**Exercise instructions**: Look for the word "assumes" in the material below. Copy each line that has it.
──────
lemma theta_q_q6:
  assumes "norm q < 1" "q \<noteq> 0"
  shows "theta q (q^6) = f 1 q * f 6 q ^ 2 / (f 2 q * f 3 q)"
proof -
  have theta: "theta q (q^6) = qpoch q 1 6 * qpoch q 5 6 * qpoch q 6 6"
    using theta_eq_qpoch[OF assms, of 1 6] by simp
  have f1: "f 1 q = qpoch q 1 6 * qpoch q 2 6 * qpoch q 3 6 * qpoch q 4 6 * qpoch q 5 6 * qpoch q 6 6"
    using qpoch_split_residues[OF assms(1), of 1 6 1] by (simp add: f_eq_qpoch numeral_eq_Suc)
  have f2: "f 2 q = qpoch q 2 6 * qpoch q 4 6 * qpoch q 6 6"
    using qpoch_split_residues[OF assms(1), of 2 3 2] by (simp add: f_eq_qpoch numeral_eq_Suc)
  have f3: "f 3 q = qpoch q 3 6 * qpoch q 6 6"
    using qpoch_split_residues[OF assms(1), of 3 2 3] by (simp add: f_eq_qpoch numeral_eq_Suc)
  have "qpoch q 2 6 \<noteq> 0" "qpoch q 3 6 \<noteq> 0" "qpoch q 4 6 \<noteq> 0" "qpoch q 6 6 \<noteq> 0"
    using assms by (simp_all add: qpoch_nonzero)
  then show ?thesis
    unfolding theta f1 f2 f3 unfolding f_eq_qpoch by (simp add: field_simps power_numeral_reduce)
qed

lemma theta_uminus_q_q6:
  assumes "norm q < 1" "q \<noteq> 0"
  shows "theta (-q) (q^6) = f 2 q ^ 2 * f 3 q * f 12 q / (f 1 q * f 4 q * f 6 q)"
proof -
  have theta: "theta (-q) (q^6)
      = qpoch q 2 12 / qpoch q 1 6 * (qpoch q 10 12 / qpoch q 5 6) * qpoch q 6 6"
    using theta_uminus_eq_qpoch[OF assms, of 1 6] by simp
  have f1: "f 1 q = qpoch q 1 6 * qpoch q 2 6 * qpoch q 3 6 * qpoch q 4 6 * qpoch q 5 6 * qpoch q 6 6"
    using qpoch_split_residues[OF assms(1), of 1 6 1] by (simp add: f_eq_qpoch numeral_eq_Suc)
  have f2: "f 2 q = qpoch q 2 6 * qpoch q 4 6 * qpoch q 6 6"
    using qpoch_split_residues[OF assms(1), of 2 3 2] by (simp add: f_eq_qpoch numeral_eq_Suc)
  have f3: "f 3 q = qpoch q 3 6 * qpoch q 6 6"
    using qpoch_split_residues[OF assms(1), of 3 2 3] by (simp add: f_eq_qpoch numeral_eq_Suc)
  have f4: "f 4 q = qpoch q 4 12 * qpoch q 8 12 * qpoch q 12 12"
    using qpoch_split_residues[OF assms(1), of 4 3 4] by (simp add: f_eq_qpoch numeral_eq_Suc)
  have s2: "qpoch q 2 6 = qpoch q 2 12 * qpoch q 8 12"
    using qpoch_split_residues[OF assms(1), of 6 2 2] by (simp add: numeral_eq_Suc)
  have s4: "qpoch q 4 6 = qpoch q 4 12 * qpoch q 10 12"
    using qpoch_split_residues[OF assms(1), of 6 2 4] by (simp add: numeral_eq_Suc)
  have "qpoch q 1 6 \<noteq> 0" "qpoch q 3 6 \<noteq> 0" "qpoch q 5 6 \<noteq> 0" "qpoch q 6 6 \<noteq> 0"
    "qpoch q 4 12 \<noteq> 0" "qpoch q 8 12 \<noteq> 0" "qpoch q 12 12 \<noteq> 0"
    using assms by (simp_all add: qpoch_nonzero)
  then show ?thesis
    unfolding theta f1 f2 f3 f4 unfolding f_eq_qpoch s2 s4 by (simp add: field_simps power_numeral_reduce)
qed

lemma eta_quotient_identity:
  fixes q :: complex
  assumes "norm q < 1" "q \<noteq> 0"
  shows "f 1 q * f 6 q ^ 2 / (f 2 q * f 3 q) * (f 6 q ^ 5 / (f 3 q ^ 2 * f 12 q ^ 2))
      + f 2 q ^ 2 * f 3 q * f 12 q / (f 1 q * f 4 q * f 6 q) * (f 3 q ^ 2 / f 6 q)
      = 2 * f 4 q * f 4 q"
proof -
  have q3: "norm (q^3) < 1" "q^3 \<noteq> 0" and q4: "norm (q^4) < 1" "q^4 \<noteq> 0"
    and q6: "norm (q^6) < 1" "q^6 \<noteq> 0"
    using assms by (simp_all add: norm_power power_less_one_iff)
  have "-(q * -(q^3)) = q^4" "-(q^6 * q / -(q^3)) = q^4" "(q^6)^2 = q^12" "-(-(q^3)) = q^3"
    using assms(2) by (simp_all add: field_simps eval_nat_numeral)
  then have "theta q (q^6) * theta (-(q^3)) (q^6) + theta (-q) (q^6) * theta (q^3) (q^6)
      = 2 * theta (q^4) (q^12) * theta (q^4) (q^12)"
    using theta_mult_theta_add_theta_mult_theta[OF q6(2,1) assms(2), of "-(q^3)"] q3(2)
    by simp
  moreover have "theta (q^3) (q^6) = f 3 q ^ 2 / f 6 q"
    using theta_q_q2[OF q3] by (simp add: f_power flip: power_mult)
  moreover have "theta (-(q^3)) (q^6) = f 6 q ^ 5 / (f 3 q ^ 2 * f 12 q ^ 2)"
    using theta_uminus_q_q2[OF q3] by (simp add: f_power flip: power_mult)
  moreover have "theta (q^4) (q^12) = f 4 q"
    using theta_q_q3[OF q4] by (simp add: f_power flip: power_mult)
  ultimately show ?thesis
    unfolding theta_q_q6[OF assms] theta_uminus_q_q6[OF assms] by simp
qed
──────
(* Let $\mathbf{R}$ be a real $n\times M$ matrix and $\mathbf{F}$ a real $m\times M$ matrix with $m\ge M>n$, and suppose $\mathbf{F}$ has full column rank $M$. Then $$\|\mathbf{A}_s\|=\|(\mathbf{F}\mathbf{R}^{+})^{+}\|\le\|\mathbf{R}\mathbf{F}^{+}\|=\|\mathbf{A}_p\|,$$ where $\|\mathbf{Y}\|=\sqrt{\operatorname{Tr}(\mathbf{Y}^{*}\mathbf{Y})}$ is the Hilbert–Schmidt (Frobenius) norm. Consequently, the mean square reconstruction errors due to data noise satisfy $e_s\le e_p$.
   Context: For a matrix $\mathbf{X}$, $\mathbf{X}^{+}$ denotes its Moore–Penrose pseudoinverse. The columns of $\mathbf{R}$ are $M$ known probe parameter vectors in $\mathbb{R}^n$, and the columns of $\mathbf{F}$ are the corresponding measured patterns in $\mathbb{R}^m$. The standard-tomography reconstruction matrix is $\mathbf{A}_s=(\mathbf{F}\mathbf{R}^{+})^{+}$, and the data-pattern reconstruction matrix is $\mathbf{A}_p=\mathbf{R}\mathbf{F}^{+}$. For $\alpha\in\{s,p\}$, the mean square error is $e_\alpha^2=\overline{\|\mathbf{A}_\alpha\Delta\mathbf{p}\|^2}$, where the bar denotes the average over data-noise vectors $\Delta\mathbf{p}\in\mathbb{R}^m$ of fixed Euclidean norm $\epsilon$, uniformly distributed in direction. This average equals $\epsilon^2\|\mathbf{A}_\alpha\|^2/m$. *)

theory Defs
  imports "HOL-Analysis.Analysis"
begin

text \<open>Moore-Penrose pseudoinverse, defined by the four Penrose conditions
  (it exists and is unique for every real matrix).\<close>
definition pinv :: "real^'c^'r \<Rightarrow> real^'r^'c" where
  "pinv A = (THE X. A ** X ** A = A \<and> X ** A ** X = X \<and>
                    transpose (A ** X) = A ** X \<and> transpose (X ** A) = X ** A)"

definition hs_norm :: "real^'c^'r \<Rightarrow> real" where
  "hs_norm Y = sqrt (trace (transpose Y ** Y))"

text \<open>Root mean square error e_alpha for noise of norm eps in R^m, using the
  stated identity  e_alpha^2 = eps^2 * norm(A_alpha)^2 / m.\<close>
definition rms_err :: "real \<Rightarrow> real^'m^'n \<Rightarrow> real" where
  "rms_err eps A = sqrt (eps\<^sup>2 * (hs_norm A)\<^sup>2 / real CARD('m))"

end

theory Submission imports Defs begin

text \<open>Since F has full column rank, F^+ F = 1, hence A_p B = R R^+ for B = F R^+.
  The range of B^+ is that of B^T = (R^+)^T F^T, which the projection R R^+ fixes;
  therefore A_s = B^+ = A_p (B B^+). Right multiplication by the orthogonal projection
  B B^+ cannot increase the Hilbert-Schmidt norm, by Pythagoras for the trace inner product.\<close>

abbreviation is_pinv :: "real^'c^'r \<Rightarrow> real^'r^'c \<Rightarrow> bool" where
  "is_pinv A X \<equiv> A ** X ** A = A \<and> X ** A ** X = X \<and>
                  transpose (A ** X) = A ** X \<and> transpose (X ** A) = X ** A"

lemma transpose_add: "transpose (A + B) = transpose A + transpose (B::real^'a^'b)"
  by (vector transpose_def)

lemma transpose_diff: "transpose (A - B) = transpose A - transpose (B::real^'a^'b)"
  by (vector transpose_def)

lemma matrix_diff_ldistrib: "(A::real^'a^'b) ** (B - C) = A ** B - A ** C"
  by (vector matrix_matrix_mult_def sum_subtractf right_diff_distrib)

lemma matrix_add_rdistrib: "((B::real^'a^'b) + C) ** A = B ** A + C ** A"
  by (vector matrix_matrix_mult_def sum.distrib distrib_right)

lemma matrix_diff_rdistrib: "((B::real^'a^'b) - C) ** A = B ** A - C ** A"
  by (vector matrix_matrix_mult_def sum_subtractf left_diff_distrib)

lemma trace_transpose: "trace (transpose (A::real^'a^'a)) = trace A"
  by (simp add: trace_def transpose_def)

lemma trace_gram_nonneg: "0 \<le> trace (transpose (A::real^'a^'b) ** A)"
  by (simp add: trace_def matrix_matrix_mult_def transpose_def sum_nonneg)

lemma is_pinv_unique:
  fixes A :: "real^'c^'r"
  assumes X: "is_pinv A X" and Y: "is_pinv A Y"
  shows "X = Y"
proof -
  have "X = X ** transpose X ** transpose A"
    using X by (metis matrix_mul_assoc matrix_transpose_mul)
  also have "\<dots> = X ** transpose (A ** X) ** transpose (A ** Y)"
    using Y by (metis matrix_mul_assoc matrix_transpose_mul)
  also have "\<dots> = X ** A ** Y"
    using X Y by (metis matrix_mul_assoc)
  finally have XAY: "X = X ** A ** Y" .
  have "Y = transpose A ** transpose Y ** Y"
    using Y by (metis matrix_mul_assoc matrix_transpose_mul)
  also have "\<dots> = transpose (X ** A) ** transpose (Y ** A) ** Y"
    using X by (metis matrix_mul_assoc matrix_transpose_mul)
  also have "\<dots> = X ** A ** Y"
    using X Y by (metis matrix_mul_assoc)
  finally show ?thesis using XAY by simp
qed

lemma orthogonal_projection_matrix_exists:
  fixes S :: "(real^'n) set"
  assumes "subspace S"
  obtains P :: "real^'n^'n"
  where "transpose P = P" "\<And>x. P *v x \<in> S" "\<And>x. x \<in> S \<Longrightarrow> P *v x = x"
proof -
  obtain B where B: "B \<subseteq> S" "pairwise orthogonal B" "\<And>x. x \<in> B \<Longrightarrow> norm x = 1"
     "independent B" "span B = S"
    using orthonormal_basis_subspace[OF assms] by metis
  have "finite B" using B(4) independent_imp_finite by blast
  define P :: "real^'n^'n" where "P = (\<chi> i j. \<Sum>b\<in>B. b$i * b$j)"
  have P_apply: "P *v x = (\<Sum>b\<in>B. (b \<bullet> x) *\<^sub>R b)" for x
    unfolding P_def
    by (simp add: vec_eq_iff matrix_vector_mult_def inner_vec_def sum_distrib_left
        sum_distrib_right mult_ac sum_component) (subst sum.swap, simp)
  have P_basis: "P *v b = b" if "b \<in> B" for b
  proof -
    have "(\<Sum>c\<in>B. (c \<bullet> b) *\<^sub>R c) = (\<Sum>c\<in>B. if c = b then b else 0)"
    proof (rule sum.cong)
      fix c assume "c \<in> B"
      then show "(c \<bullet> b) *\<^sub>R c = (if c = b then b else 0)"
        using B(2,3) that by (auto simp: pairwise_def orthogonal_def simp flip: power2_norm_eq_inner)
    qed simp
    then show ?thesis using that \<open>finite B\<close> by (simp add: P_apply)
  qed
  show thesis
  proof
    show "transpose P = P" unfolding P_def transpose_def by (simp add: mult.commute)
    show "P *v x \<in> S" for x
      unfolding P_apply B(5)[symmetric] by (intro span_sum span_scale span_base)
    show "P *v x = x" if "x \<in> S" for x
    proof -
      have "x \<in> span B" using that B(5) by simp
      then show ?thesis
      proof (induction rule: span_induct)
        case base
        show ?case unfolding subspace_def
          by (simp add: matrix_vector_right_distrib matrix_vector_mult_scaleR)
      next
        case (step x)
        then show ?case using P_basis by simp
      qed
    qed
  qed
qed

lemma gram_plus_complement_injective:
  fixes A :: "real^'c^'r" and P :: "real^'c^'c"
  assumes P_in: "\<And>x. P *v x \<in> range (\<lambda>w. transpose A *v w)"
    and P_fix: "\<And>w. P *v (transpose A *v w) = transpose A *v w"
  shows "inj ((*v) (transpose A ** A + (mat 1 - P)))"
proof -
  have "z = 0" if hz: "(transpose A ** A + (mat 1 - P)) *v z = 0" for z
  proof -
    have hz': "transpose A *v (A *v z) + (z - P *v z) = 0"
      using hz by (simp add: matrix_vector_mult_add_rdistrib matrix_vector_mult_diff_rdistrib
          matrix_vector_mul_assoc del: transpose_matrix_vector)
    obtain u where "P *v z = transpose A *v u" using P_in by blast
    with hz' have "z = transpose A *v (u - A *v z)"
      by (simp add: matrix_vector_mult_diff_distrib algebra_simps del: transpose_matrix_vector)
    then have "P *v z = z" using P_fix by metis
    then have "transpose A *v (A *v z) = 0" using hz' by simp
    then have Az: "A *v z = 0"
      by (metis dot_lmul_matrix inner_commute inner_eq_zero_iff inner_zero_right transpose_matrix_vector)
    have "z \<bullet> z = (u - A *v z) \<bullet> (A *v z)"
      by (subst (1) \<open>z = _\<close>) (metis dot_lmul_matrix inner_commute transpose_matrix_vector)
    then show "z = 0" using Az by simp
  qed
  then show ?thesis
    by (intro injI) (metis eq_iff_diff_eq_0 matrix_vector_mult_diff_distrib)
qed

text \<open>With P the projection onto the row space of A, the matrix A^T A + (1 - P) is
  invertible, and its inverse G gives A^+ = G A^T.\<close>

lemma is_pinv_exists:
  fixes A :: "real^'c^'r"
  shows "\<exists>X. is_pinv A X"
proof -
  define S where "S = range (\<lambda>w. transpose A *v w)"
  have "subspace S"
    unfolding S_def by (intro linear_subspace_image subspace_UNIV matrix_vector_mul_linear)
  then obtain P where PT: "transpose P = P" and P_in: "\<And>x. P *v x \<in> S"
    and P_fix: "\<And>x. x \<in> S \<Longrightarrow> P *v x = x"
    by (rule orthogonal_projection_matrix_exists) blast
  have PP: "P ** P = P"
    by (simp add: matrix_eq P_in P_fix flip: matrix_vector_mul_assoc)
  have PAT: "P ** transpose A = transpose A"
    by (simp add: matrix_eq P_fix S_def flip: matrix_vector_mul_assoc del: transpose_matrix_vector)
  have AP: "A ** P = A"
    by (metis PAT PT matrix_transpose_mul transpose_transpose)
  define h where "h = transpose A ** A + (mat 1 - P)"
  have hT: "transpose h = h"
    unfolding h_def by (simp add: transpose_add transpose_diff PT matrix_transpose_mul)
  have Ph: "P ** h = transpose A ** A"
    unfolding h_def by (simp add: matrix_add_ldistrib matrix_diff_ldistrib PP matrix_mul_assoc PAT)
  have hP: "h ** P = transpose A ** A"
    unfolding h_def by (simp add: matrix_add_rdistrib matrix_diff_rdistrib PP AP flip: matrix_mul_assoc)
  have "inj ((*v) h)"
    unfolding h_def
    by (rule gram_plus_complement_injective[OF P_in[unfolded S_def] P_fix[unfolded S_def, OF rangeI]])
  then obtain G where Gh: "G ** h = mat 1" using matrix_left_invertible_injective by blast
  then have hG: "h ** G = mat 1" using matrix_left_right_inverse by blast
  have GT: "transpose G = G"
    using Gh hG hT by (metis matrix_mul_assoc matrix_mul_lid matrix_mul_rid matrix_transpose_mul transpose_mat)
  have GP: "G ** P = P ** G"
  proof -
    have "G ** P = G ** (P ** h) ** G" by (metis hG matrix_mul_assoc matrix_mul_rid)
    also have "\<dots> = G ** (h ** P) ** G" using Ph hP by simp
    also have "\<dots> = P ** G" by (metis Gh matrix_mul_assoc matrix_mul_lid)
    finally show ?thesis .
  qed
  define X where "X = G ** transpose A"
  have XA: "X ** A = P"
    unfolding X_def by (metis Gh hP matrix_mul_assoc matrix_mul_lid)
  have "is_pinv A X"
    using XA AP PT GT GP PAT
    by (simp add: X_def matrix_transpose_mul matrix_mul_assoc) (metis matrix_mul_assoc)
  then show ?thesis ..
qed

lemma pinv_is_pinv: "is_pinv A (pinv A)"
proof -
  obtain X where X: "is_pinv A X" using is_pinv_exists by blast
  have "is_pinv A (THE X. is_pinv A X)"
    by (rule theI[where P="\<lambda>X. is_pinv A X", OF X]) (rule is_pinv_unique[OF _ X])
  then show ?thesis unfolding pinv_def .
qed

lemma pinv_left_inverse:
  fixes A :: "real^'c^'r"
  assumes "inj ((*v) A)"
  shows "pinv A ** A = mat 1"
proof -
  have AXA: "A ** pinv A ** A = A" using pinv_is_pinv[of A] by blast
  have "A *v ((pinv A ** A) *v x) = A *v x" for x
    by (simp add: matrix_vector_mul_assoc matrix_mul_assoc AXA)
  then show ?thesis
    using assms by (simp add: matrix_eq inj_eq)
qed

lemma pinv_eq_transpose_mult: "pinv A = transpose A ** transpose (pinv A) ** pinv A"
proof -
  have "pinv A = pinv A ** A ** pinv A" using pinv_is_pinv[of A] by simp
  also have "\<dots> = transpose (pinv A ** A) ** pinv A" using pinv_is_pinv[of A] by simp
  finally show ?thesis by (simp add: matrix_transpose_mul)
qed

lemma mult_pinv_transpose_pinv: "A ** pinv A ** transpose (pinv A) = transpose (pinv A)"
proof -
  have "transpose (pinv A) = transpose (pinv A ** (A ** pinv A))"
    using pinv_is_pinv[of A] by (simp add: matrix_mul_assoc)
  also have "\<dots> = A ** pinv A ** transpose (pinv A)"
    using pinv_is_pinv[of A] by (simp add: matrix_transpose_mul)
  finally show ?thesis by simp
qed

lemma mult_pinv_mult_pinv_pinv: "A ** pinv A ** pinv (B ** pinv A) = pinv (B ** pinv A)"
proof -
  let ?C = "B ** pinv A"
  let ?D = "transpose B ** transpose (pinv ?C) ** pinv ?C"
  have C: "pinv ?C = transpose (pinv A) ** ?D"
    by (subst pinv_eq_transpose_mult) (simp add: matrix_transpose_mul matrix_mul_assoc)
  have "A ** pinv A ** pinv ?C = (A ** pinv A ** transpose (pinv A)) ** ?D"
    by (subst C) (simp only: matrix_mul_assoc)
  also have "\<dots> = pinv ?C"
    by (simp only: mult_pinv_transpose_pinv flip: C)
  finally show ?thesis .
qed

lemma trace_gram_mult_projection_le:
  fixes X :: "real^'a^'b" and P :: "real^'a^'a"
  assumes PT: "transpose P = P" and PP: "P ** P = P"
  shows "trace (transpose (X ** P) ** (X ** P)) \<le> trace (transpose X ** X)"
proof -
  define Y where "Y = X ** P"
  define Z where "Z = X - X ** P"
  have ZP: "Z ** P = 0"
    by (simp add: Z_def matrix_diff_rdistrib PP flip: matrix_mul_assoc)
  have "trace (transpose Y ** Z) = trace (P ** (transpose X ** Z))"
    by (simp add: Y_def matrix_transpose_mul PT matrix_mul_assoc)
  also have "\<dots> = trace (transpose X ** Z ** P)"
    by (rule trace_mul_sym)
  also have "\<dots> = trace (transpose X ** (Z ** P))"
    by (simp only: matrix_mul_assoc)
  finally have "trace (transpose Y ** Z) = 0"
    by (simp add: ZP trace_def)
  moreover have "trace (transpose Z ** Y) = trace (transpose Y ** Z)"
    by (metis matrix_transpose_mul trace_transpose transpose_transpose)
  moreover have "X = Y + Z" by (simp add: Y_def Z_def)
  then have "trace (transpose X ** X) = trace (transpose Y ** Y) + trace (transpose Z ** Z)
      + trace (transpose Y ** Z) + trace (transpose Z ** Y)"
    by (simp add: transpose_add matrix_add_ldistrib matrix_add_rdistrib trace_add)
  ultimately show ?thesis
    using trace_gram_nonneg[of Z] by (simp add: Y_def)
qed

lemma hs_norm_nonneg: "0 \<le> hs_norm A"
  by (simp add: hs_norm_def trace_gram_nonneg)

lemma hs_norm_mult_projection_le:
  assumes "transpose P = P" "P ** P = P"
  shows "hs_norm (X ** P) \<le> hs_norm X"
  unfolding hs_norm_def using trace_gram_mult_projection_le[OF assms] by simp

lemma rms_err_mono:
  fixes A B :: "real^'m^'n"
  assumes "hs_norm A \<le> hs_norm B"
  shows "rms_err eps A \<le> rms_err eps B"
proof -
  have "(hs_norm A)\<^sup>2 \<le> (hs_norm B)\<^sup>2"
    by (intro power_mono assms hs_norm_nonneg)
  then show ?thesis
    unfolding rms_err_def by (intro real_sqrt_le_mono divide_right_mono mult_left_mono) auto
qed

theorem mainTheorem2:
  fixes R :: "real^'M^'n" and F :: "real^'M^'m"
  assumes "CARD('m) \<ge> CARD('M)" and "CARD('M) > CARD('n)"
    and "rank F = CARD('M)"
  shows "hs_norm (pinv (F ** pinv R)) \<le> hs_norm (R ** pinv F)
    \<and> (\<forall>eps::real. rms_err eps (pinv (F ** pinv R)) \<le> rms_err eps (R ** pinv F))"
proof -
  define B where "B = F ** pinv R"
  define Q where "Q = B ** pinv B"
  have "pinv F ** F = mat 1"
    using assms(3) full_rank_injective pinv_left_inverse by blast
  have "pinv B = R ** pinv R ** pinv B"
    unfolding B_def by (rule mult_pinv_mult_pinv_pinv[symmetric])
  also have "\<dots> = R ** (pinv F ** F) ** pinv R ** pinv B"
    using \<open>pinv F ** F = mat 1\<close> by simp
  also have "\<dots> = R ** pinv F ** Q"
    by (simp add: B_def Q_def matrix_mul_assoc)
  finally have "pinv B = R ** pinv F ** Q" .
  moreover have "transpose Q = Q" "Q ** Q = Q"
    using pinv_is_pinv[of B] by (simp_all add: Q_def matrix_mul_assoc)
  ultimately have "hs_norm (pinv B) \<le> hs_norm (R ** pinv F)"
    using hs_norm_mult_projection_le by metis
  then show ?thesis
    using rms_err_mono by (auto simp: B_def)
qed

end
──────
**Worked solution**:
  assumes "norm q < 1" "q \<noteq> 0"
  assumes "norm q < 1" "q \<noteq> 0"
  assumes "norm q < 1" "q \<noteq> 0"
  assumes X: "is_pinv A X" and Y: "is_pinv A Y"
  assumes "subspace S"
  assumes P_in: "\<And>x. P *v x \<in> range (\<lambda>w. transpose A *v w)"
  assumes "inj ((*v) A)"
  assumes PT: "transpose P = P" and PP: "P ** P = P"
  assumes "transpose P = P" "P ** P = P"
  assumes "hs_norm A \<le> hs_norm B"
  assumes "CARD('m) \<ge> CARD('M)" and "CARD('M) > CARD('n)"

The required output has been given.